**EXERCISE REQUIREMENTS**
Using the material that follows, output exactly the lines from the one containing "matrix (blinfun_apply (endo_rep" through the one containing "(endo_rep a) v", with both ends kept.
----
lemma rtrancl_Restr_iff_walk:
  assumes "x \<in> A"
  shows "(x, y) \<in> (Restr r A)\<^sup>* \<longleftrightarrow>
    (\<exists>ws. ws \<noteq> [] \<and> set ws \<subseteq> A \<and> hd ws = x \<and> last ws = y \<and>
          successively (\<lambda>u v. (u, v) \<in> r) ws)"
proof
  assume "(x, y) \<in> (Restr r A)\<^sup>*"
  then have "x \<in> A \<longrightarrow> (\<exists>ws. ws \<noteq> [] \<and> set ws \<subseteq> A \<and> hd ws = x \<and> last ws = y \<and>
      successively (\<lambda>u v. (u, v) \<in> r) ws)"
  proof (induction rule: converse_rtrancl_induct)
    case base
    show ?case
      by (intro impI exI[of _ "[y]"]) simp
  next
    case (step x' z)
    then obtain ws where "ws \<noteq> []" "set ws \<subseteq> A" "hd ws = z" "last ws = y"
        "successively (\<lambda>u v. (u, v) \<in> r) ws"
      by blast
    with step.hyps(1) show ?case
      by (intro impI exI[of _ "x' # ws"]) (auto simp: successively_Cons)
  qed
  with assms show "\<exists>ws. ws \<noteq> [] \<and> set ws \<subseteq> A \<and> hd ws = x \<and> last ws = y \<and>
      successively (\<lambda>u v. (u, v) \<in> r) ws"
    by blast
next
  assume "\<exists>ws. ws \<noteq> [] \<and> set ws \<subseteq> A \<and> hd ws = x \<and> last ws = y \<and>
      successively (\<lambda>u v. (u, v) \<in> r) ws"
  then obtain ws where "ws \<noteq> []" "set ws \<subseteq> A" "hd ws = x" "last ws = y"
      "successively (\<lambda>u v. (u, v) \<in> r) ws"
    by blast
  then show "(x, y) \<in> (Restr r A)\<^sup>*"
  proof (induction ws arbitrary: x)
    case Nil
    then show ?case by simp
  next
    case (Cons w ws)
    show ?case
    proof (cases "ws = []")
      case True
      then show ?thesis using Cons.prems by simp
    next
      case False
      then have "(x, hd ws) \<in> Restr r A"
        using Cons.prems by (auto simp: successively_Cons)
      moreover have "(hd ws, y) \<in> (Restr r A)\<^sup>*"
        using Cons False by (simp add: successively_Cons)
      ultimately show ?thesis
        by (rule converse_rtrancl_into_rtrancl)
    qed
  qed
qed
lemma is_cone_uncurry:
  assumes J: "category J" and F: "is_functor J V Do Da" and A: "A \<in> obj V"
    and c: "is_cone J V (\<lambda>j. ihom V A (Do j)) (\<lambda>u. ihom_r V A (Da u)) X x"
  shows "is_cone J V Do Da (tens V X A) (\<lambda>j. uncurry A (Do j) (x j))"
  unfolding is_cone_def
proof (intro conjI ballI)
  have X: "X \<in> obj V" and x: "\<And>j. j \<in> obj J \<Longrightarrow> x j \<in> hom V X (ihom V A (Do j))"
    and x_comm: "\<And>u. u \<in> arr J \<Longrightarrow> ihom_r V A (Da u) \<cdot> x (cdom J u) = x (ccod J u)"
    using c unfolding is_cone_def by blast+
  have D: "\<And>j. j \<in> obj J \<Longrightarrow> Do j \<in> obj V" using F unfolding is_functor_def by blast
  show "tens V X A \<in> obj V" using X A by blast
  show "uncurry A (Do j) (x j) \<in> hom V (tens V X A) (Do j)" if "j \<in> obj J" for j
    using x[OF that] A D[OF that] by blast
  fix u assume u: "u \<in> arr J"
  have dom: "cdom J u \<in> obj J" and Du: "Da u \<in> hom V (Do (cdom J u)) (Do (ccod J u))"
    using J F u unfolding category_def is_functor_def by blast+
  show "Da u \<cdot> uncurry A (Do (cdom J u)) (x (cdom J u)) = uncurry A (Do (ccod J u)) (x (ccod J u))"
    using uncurry_ihom_r_comp[OF x[OF dom] Du A] x_comm[OF u] by simp
qed
instance endo :: ("{banach, perfect_space}") banach
proof
  fix X :: "nat \<Rightarrow> 'a endo"
  assume "Cauchy X"
  then have "Cauchy (\<lambda>n. endo_rep (X n))"
    unfolding Cauchy_def dist_norm by (simp add: norm_endo.rep_eq minus_endo.rep_eq)
  then obtain L where "(\<lambda>n. endo_rep (X n)) \<longlonglongrightarrow> L"
    using Cauchy_convergent_iff convergent_def by blast
  then have "X \<longlonglongrightarrow> Endo L"
    unfolding tendsto_iff dist_norm by (simp add: norm_endo.rep_eq minus_endo.rep_eq Endo_inverse)
  then show "convergent X" by (auto simp: convergent_def)
qed

lemma norm_exp_sub_one_sub_le:
  fixes x :: "'a::{real_normed_algebra_1, banach}"
  shows "norm (exp x - 1 - x) \<le> norm x ^ 2 * exp (norm x)"
proof -
  have "exp x = (\<Sum>n. x ^ (n + 2) /\<^sub>R fact (n + 2)) + (\<Sum>n<2. x ^ n /\<^sub>R fact n)"
    unfolding exp_def by (rule suminf_split_initial_segment[OF summable_exp_generic])
  then have tail: "exp x - 1 - x = (\<Sum>n. x ^ (n + 2) /\<^sub>R fact (n + 2))"
    by (simp add: numeral_2_eq_2)
  have "norm (x ^ (n + 2) /\<^sub>R fact (n + 2)) \<le> norm x ^ 2 * (norm x ^ n /\<^sub>R fact n)" for n
  proof -
    have "norm (x ^ (n + 2) /\<^sub>R fact (n + 2)) = norm (x ^ (n + 2)) / fact (n + 2)"
      by (simp add: divide_inverse_commute)
    also have "\<dots> \<le> norm x ^ (n + 2) / fact (n + 2)"
      by (intro divide_right_mono norm_power_ineq) simp
    also have "\<dots> \<le> norm x ^ (n + 2) / fact n"
      by (intro divide_left_mono fact_mono) auto
    also have "\<dots> = norm x ^ 2 * (norm x ^ n /\<^sub>R fact n)"
      by (simp add: power_add divide_inverse ac_simps power2_eq_square)
    finally show ?thesis .
  qed
  then have "norm (exp x - 1 - x) \<le> (\<Sum>n. norm x ^ 2 * (norm x ^ n /\<^sub>R fact n))"
    unfolding tail by (intro norm_suminf_le summable_mult summable_exp_generic)
  also have "\<dots> = norm x ^ 2 * exp (norm x)"
    unfolding exp_def by (rule suminf_mult[OF summable_exp_generic])
  finally show ?thesis .
qed

lemma exp_has_derivative_at_0:
  "(exp has_derivative (\<lambda>h. h)) (at (0 :: 'a::{real_normed_algebra_1, banach}))"
proof -
  have bound: "norm (norm (exp y - exp 0 - (y - 0)) / norm (y - 0)) \<le> norm y * exp (norm y)"
    if "y \<noteq> 0" for y :: 'a
  proof -
    have "norm (exp y - 1 - y) / norm y \<le> norm y ^ 2 * exp (norm y) / norm y"
      by (intro divide_right_mono norm_exp_sub_one_sub_le) simp
    then show ?thesis
      using that by (simp add: power2_eq_square)
  qed
  have "((\<lambda>y::'a. norm y * exp (norm y)) \<longlongrightarrow> 0) (at 0)"
    by (auto intro!: tendsto_eq_intros)
  then have "((\<lambda>y::'a. norm (exp y - exp 0 - (y - 0)) / norm (y - 0)) \<longlongrightarrow> 0) (at 0)"
    by (rule Lim_null_comparison[rotated])
      (unfold eventually_at_filter, rule always_eventually, use bound in blast)
  then show ?thesis by (simp add: has_derivative_iff_norm bounded_linear_ident)
qed

lemma has_vector_derivative_exp_commuting:
  fixes X :: "real \<Rightarrow> 'a::{real_normed_algebra_1, banach}"
  assumes X': "(X has_vector_derivative X') (at t)"
    and commute: "\<And>s. X s * X t = X t * X s"
  shows "((\<lambda>s. exp (X s)) has_vector_derivative exp (X t) * X') (at t)"
proof -
  have "((\<lambda>s. X s - X t) has_derivative (\<lambda>h. h *\<^sub>R X')) (at t)"
    using X' by (auto intro!: derivative_eq_intros simp: has_vector_derivative_def)
  moreover have "(exp has_derivative (\<lambda>h. h)) (at (X t - X t))"
    using exp_has_derivative_at_0 by simp
  ultimately have "((\<lambda>s. exp (X s - X t)) has_vector_derivative X') (at t)"
    unfolding has_vector_derivative_def using diff_chain_at by (fastforce simp: o_def)
  then have "((\<lambda>s. exp (X t) * exp (X s - X t)) has_vector_derivative exp (X t) * X') (at t)"
    by (rule has_vector_derivative_mult_right)
  moreover have "exp (X t) * exp (X s - X t) = exp (X s)" for s
    using exp_add_commuting[of "X t" "X s - X t"] commute[of s]
    by (simp add: algebra_simps)
  ultimately show ?thesis by simp
qed

lemma exp_mult_commute:
  fixes x y :: "'a::{real_normed_algebra_1, banach}"
  assumes "x * y = y * x"
  shows "exp x * y = y * exp x"
proof -
  have "exp x * y = (\<Sum>n. x ^ n /\<^sub>R fact n * y)"
    unfolding exp_def by (rule suminf_mult2[OF summable_exp_generic])
  also have "\<dots> = (\<Sum>n. y * (x ^ n /\<^sub>R fact n))"
    using power_commuting_commutes[OF assms] by (simp add: scaleR_left_commute)
  also have "\<dots> = y * exp x"
    unfolding exp_def by (rule suminf_mult[OF summable_exp_generic])
  finally show ?thesis .
qed

text \<open>For \<open>complex^'n\<close> the operators in \<open>'a endo\<close> are the real-linear maps, so matrices embed
  injectively but not onto; identities are therefore proved after applying \<open>endo_of_matrix\<close>,
  while \<open>matrix_of_endo\<close> only serves to transport limits back to matrices.\<close>

definition endo_of_matrix :: "complex^'n^'n \<Rightarrow> (complex^'n) endo" where
  "endo_of_matrix M = Endo (Blinfun (\<lambda>v. M *v v))"

definition matrix_of_endo :: "(complex^'n) endo \<Rightarrow> complex^'n^'n" where
  "matrix_of_endo L = matrix (blinfun_apply (endo_rep L))"

lemma blinfun_apply_endo_of_matrix: "blinfun_apply (endo_rep (endo_of_matrix M)) = (\<lambda>v. M *v v)"
  unfolding endo_of_matrix_def
  using bounded_bilinear.bounded_linear_right[OF bounded_bilinear_matrix_vector_mult]
  by (simp add: Endo_inverse bounded_linear_Blinfun_apply)

lemma matrix_of_endo_of_matrix [simp]: "matrix_of_endo (endo_of_matrix M) = M"
  by (simp add: matrix_of_endo_def blinfun_apply_endo_of_matrix)

lemma endo_of_matrix_inject: "endo_of_matrix M = endo_of_matrix N \<longleftrightarrow> M = N"
  by (metis matrix_of_endo_of_matrix)

lemma endo_eqI: "(\<And>v. blinfun_apply (endo_rep a) v = blinfun_apply (endo_rep b) v) \<Longrightarrow> a = b"
  by (metis blinfun_eqI endo_rep_inject)

lemma endo_of_matrix_mult: "endo_of_matrix (M ** N) = endo_of_matrix M * endo_of_matrix N"
  by (rule endo_eqI) (simp add: times_endo.rep_eq blinfun_apply_endo_of_matrix matrix_vector_mul_assoc)

lemma endo_of_matrix_one: "endo_of_matrix (mat 1) = 1"
  by (rule endo_eqI) (simp add: one_endo.rep_eq blinfun_apply_endo_of_matrix)

lemma endo_of_matrix_mpow: "endo_of_matrix (mpow M k) = endo_of_matrix M ^ k"
  by (induction k) (simp_all add: mpow_0 mpow_Suc endo_of_matrix_one endo_of_matrix_mult)

lemma endo_of_matrix_add: "endo_of_matrix (M + N) = endo_of_matrix M + endo_of_matrix N"
  by (rule endo_eqI)
    (simp add: plus_endo.rep_eq plus_blinfun.rep_eq blinfun_apply_endo_of_matrix
      matrix_vector_mult_add_rdistrib)

lemma endo_of_matrix_scaleR: "endo_of_matrix (r *\<^sub>R M) = r *\<^sub>R endo_of_matrix M"
  by (rule endo_eqI)
    (simp add: scaleR_endo.rep_eq scaleR_blinfun.rep_eq blinfun_apply_endo_of_matrix
      bounded_bilinear.scaleR_left[OF bounded_bilinear_matrix_vector_mult])

lemma bounded_linear_endo_of_matrix: "bounded_linear endo_of_matrix"
  unfolding linear_conv_bounded_linear[symmetric]
  by (rule linearI) (simp_all add: endo_of_matrix_add endo_of_matrix_scaleR)

lemma bounded_linear_matrix_of_endo: "bounded_linear matrix_of_endo"
proof (rule bounded_linear_intro)
  fix a b :: "(complex^'n) endo" and r :: real
  show "matrix_of_endo (a + b) = matrix_of_endo a + matrix_of_endo b"
    by (simp add: matrix_of_endo_def matrix_def plus_endo.rep_eq plus_blinfun.rep_eq vec_eq_iff)
  show "matrix_of_endo (r *\<^sub>R a) = r *\<^sub>R matrix_of_endo a"
    by (simp add: matrix_of_endo_def matrix_def scaleR_endo.rep_eq scaleR_blinfun.rep_eq vec_eq_iff)
  define ones :: "complex^'n^'n" where "ones = (\<chi> i j. 1)"
  have "norm (matrix_of_endo a $ i $ j) \<le> norm ((norm a *\<^sub>R ones) $ i $ j)" for i j
  proof -
    have "norm (matrix_of_endo a $ i $ j) \<le> norm (blinfun_apply (endo_rep a) (axis j 1))"
      unfolding matrix_of_endo_def matrix_def by (simp add: Finite_Cartesian_Product.norm_nth_le)
    also have "\<dots> \<le> norm a"
      using norm_blinfun[of "endo_rep a" "axis j 1"] by (simp add: norm_endo.rep_eq)
    finally show ?thesis by (simp add: ones_def)
  qed
  then have "norm (matrix_of_endo a) \<le> norm (norm a *\<^sub>R ones)"
    by (intro norm_le_componentwise_cart)
  then show "norm (matrix_of_endo a) \<le> norm a * norm ones" by simp
qed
----
**ANSWER SPACE**
  "matrix_of_endo L = matrix (blinfun_apply (endo_rep L))"

lemma blinfun_apply_endo_of_matrix: "blinfun_apply (endo_rep (endo_of_matrix M)) = (\<lambda>v. M *v v)"
  unfolding endo_of_matrix_def
  using bounded_bilinear.bounded_linear_right[OF bounded_bilinear_matrix_vector_mult]
  by (simp add: Endo_inverse bounded_linear_Blinfun_apply)

lemma matrix_of_endo_of_matrix [simp]: "matrix_of_endo (endo_of_matrix M) = M"
  by (simp add: matrix_of_endo_def blinfun_apply_endo_of_matrix)

lemma endo_of_matrix_inject: "endo_of_matrix M = endo_of_matrix N \<longleftrightarrow> M = N"
  by (metis matrix_of_endo_of_matrix)

lemma endo_eqI: "(\<And>v. blinfun_apply (endo_rep a) v = blinfun_apply (endo_rep b) v) \<Longrightarrow> a = b"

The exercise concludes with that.